If you have just one file and don't want to split it to train, development and test sets by yourself, you need to launch the program without any "--valid" and "--test" flags:
$ g2p-seq2seq --model_dir your/new/model/directory --train data_folder/cmudict.dict
The program will create in your data folder additional files obtained from the file that you set up to the "--train" flag, like: cmudict.dict.part.train cmudict.dict.part.dev cmudict.dict.part.test
After the training is over, you can set up "cmudict.dict.part.test" file to the "--evaluate" flag and check for word error rate:
$ g2p-seq2seq --model_dir your/new/model/directory --evaluate data_folder/cmudict.dict.test
Also, if you set up "--cleanup" flag during training, the program will create cleaned up files without stress and comments: cmudict.dict.part.train.cleanup cmudict.dict.part.dev.cleanup cmudict.dict.part.test.cleanup
So, if you have an initial dictionary file with the lines like:
ababa AH0 B AA1 B AH0
ababa(2) AA1 B AH0 B AH0
d'artagnan D AH0 R T AE1 NG Y AH0 N # foreign french
you will receive cleaned up files with the following lines:
ababa AH B AA B AH
ababa AA B AH B AH
d'artagnan D AH R T AE NG Y AH N
@nurtas-m ok thanks a lot. The last problem is that when I do a training from scratch I cannot see the files
cmudict.dict.part.train
cmudict.dict.part.dev
cmudict.dict.part.test
in the data/dict/cmudict-ipa/
folder. I'm not specifying any flag a part the default ones:
g2p-seq2seq --train data/dict/cmudict-ipa/cmudict-ipa.dict --model_dir data/models/cmudict-ipa
What version of g2p-seq2seq you have installed? We add the possibility of splitting the datasets starting from ver 6.1.4a0.

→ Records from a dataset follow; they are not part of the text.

(* Let $A$ be a Cayley--Dickson algebra over a field $F$ and $f(x)\in A[x]$. If $\lambda\in A\setminus F$ is a spherical root of $f(x)$, then $\lambda$ is a root of the companion polynomial $C_f(x)$.
   Context: For an $F$-algebra $B$ with involution and $\gamma\in F^\times$, the Cayley--Dickson double $B\{\gamma\}$ is $B\times B$ with componentwise linear operations, product $(a,b)(c,d)=(ac+\gamma\bar d b,\ da+b\bar c)$ and involution $\overline{(a,b)}=(\bar a,-b)$. Cayley--Dickson algebras over $F$: $A_1=F[\ell_1:\ell_1^2=\ell_1+\mu]$ with $\mu\in F$, $4\mu+1\neq0$, involution $\overline{\alpha+\beta\ell_1}=(\alpha+\beta)-\beta\ell_1$, and $A_{k+1}=A_k\{\gamma_k\}$, $\gamma_k\in F^\times$; $F$ is identified with $F\cdot1$. Trace $\mathrm{tr}(\lambda)=\lambda+\bar\lambda\in F$, norm $\mathrm{n}(\lambda)=\bar\lambda\lambda\in F$, characteristic polynomial $p_\lambda(x)=x^2-\mathrm{tr}(\lambda)x+\mathrm{n}(\lambda)\in F[x]$. The polynomial ring $A[x]=A\otimes_F F[x]$ has central indeterminate $x$; $f(x)=a_mx^m+\dots+a_0$ with $a_k\in A$, products via $(ax^i)(bx^j)=(ab)x^{i+j}$, substitution $f(r)=\sum_k a_k(r^k)$. The involution extends by $\overline{f(x)}=\bar a_mx^m+\dots+\bar a_0$, and the companion polynomial is $C_f(x)=\overline{f(x)}\cdot f(x)$, which lies in $F[x]$ (it is the norm of $f$ in the Cayley--Dickson algebra $A\otimes_F F(x)$). A root $\lambda\in A\setminus F$ of $f$ is a spherical root if every $r\in A$ with $p_\lambda(r)=0$ is also a root of $f$. *)

theory Defs
  imports Main
begin

text \<open>An element of A_1 = F[l1] is
  Q alpha beta (meaning alpha + beta l1); an element of B{gamma} = B x B is D a b.
  The algebra A_k (k >= 1) is determined by mu and the list gs of doubling
  parameters, written OUTERMOST FIRST: gs = [gamma_(k-1), ..., gamma_1], so that
  A_(k) = A_(k-1){gamma_(k-1)}.  The carrier of A_k is cd_carrier (length gs).\<close>

datatype 'a cd = Q 'a 'a | D "'a cd" "'a cd"

fun cd_carrier :: "nat \<Rightarrow> 'a cd set" where
  "cd_carrier 0 = {Q a b | a b. True}"
| "cd_carrier (Suc n) = {D a b | a b. a \<in> cd_carrier n \<and> b \<in> cd_carrier n}"

fun cd_add :: "'a::field cd \<Rightarrow> 'a cd \<Rightarrow> 'a cd" where
  "cd_add (Q a b) (Q c d) = Q (a + c) (b + d)"
| "cd_add (D a b) (D c d) = D (cd_add a c) (cd_add b d)"
| "cd_add _ _ = undefined"

fun cd_smult :: "'a::field \<Rightarrow> 'a cd \<Rightarrow> 'a cd" where
  "cd_smult t (Q a b) = Q (t * a) (t * b)"
| "cd_smult t (D a b) = D (cd_smult t a) (cd_smult t b)"

definition cd_neg :: "'a::field cd \<Rightarrow> 'a cd" where
  "cd_neg x = cd_smult (-1) x"

definition cd_sub :: "'a::field cd \<Rightarrow> 'a cd \<Rightarrow> 'a cd" where
  "cd_sub x y = cd_add x (cd_neg y)"

fun cd_conj :: "'a::field cd \<Rightarrow> 'a cd" where
  "cd_conj (Q a b) = Q (a + b) (- b)"
| "cd_conj (D a b) = D (cd_conj a) (cd_neg b)"

text \<open>Embedding of F as F * 1 in A_(n+1) (n = number of doublings).\<close>
fun cd_scalar :: "nat \<Rightarrow> 'a::field \<Rightarrow> 'a cd" where
  "cd_scalar 0 c = Q c 0"
| "cd_scalar (Suc n) c = D (cd_scalar n c) (cd_scalar n 0)"

abbreviation cd_zero :: "nat \<Rightarrow> 'a::field cd" where
  "cd_zero n \<equiv> cd_scalar n 0"

abbreviation cd_one :: "nat \<Rightarrow> 'a::field cd" where
  "cd_one n \<equiv> cd_scalar n 1"

text \<open>Multiplication: (a+b l)(c+d l) = ac + mu bd + (ad + bc + bd) l on A_1, and
  (a,b)(c,d) = (ac + gamma conj(d) b, da + b conj(c)) for a doubling.\<close>
fun cd_mult :: "'a::field \<Rightarrow> 'a list \<Rightarrow> 'a cd \<Rightarrow> 'a cd \<Rightarrow> 'a cd" where
  "cd_mult mu [] (Q a b) (Q c d) = Q (a * c + mu * (b * d)) (a * d + b * c + b * d)"
| "cd_mult mu (g # gs) (D a b) (D c d) =
     D (cd_add (cd_mult mu gs a c) (cd_smult g (cd_mult mu gs (cd_conj d) b)))
       (cd_add (cd_mult mu gs d a) (cd_mult mu gs b (cd_conj c)))"
| "cd_mult _ _ _ _ = undefined"

fun cd_pow :: "'a::field \<Rightarrow> 'a list \<Rightarrow> 'a cd \<Rightarrow> nat \<Rightarrow> 'a cd" where
  "cd_pow mu gs r 0 = cd_one (length gs)"
| "cd_pow mu gs r (Suc k) = cd_mult mu gs r (cd_pow mu gs r k)"

definition cd_sum :: "nat \<Rightarrow> 'a::field cd list \<Rightarrow> 'a cd" where
  "cd_sum n xs = foldr cd_add xs (cd_zero n)"

text \<open>A polynomial f(x) = a_m x^m + ... + a_0 in A[x] is its coefficient list
  [a_0, ..., a_m]; substitution f(r) = sum_k a_k (r^k).\<close>
definition cd_poly_eval :: "'a::field \<Rightarrow> 'a list \<Rightarrow> 'a cd list \<Rightarrow> 'a cd \<Rightarrow> 'a cd" where
  "cd_poly_eval mu gs fs r =
     cd_sum (length gs) (map (\<lambda>k. cd_mult mu gs (fs ! k) (cd_pow mu gs r k)) [0..<length fs])"

text \<open>Companion polynomial C_f = conj(f) * f in A[x]: coefficient of x^m is
  sum over i + j = m of conj(a_i) a_j.\<close>
definition cd_companion :: "'a::field \<Rightarrow> 'a list \<Rightarrow> 'a cd list \<Rightarrow> 'a cd list" where
  "cd_companion mu gs fs =
     map (\<lambda>m. cd_sum (length gs)
        (map (\<lambda>i. cd_mult mu gs (cd_conj (fs ! i)) (fs ! (m - i)))
           (filter (\<lambda>i. i < length fs \<and> m - i < length fs) [0..<Suc m])))
       [0..<2 * length fs]"

text \<open>Trace, norm (as elements of F * 1 inside A) and the characteristic
  polynomial evaluated at r: p_lambda(r) = r^2 - tr(lambda) r + n(lambda).\<close>
definition cd_tr :: "'a::field \<Rightarrow> 'a list \<Rightarrow> 'a cd \<Rightarrow> 'a cd" where
  "cd_tr mu gs l = cd_add l (cd_conj l)"

definition cd_norm :: "'a::field \<Rightarrow> 'a list \<Rightarrow> 'a cd \<Rightarrow> 'a cd" where
  "cd_norm mu gs l = cd_mult mu gs (cd_conj l) l"

definition cd_charpoly_eval :: "'a::field \<Rightarrow> 'a list \<Rightarrow> 'a cd \<Rightarrow> 'a cd \<Rightarrow> 'a cd" where
  "cd_charpoly_eval mu gs l r =
     cd_add (cd_sub (cd_pow mu gs r 2) (cd_mult mu gs (cd_tr mu gs l) r)) (cd_norm mu gs l)"

definition cd_is_scalar :: "'a list \<Rightarrow> 'a::field cd \<Rightarrow> bool" where
  "cd_is_scalar gs x \<longleftrightarrow> (\<exists>c. x = cd_scalar (length gs) c)"

definition cd_valid :: "'a::field \<Rightarrow> 'a list \<Rightarrow> bool" where
  "cd_valid mu gs \<longleftrightarrow> 4 * mu + 1 \<noteq> 0 \<and> (\<forall>g \<in> set gs. g \<noteq> 0)"

definition cd_spherical_root :: "'a::field \<Rightarrow> 'a list \<Rightarrow> 'a cd list \<Rightarrow> 'a cd \<Rightarrow> bool" where
  "cd_spherical_root mu gs fs l \<longleftrightarrow>
     l \<in> cd_carrier (length gs) \<and> \<not> cd_is_scalar gs l \<and>
     cd_poly_eval mu gs fs l = cd_zero (length gs) \<and>
     (\<forall>r \<in> cd_carrier (length gs).
        cd_charpoly_eval mu gs l r = cd_zero (length gs) \<longrightarrow>
        cd_poly_eval mu gs fs r = cd_zero (length gs))"

end

theory Submission
  imports Defs
begin

text \<open>Let \<open>t = tr(\<lambda>)\<close> and \<open>N = n(\<lambda>)\<close>. Every \<open>r\<close> with \<open>p\<^sub>\<lambda>(r) = 0\<close> satisfies
  \<open>r\<^sup>2 = t r - N\<close>, so \<open>r\<^sup>k = U\<^sub>k r + V\<^sub>k\<close>, where \<open>x\<^sup>k \<equiv> U\<^sub>k x + V\<^sub>k\<close> modulo \<open>x\<^sup>2 - t x + N\<close>;
  hence \<open>f(r) = \<alpha> r + \<beta>\<close> with \<open>\<alpha> = \<Sum> U\<^sub>k a\<^sub>k\<close> and \<open>\<beta> = \<Sum> V\<^sub>k a\<^sub>k\<close> independent of \<open>r\<close>.
  Since \<open>\<lambda> \<notin> F\<close> there is a trace-zero direction \<open>u\<close>, not a zero divisor, in which the
  sphere \<open>p\<^sub>\<lambda> = 0\<close> has a second point \<open>r = \<lambda> + \<tau> u\<close> with \<open>\<tau> \<noteq> 0\<close>; then
  \<open>0 = f(r) - f(\<lambda>) = \<tau> \<alpha> u\<close> gives \<open>\<alpha> = 0\<close>, and then \<open>\<beta> = 0\<close>.
  For \<open>C\<^sub>f\<close> the same coefficients are \<open>\<Sum> U(i+j) conj(a\<^sub>i) a\<^sub>j\<close> and \<open>\<Sum> V(i+j) conj(a\<^sub>i) a\<^sub>j\<close>,
  and the addition formulas for \<open>U\<close> and \<open>V\<close> turn them into \<open>\<Sum>\<^sub>i conj(a\<^sub>i) (A\<^sub>i \<alpha> + B\<^sub>i \<beta>) = 0\<close>;
  so \<open>C\<^sub>f(\<lambda>) = 0\<close>.\<close>

section \<open>Coordinates\<close>

fun cd_coord :: "'a::zero cd \<Rightarrow> nat \<Rightarrow> 'a" where
  "cd_coord (Q a b) i = (if i = 0 then a else if i = 1 then b else 0)"
| "cd_coord (D x y) i = (if even i then cd_coord x (i div 2) else cd_coord y (i div 2))"

lemma Q_in_cd_carrier_iff [simp]: "Q a b \<in> cd_carrier n \<longleftrightarrow> n = 0"
  by (cases n) auto

lemma D_in_cd_carrier_iff [simp]:
  "D a b \<in> cd_carrier n \<longleftrightarrow> (\<exists>m. n = Suc m \<and> a \<in> cd_carrier m \<and> b \<in> cd_carrier m)"
  by (cases n) auto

I'm on the latest version (since I need the fix of the inference and frozen model stuff...).
I don't know why in your case the program doesn't split an initial dictionary into 3 datasets.
Ok, can you, please, set up "--cleanup" flag during training:
$ g2p-seq2seq --model_dir data/models/cmudict-ipa --train data/dict/cmudict-ipa/cmudict-ipa.dict --cleanup
If this flag is active, the program will create 3 datasets from the initial dictionary even if the datasets already exists in the data folder:
*.part.train.cleanup
*.part.dev.cleanup
*.part.test.cleanup
I did a training of the standard CMU Dict and I get in the
data/dict
folder the dictionaries as expected:I have then started the training of my CMU 2 IPA dict, that actually works in some way and ends up with the testing as well:
But when I check the dict folder I cannot see those files, I just have my CMU-IPA dict file.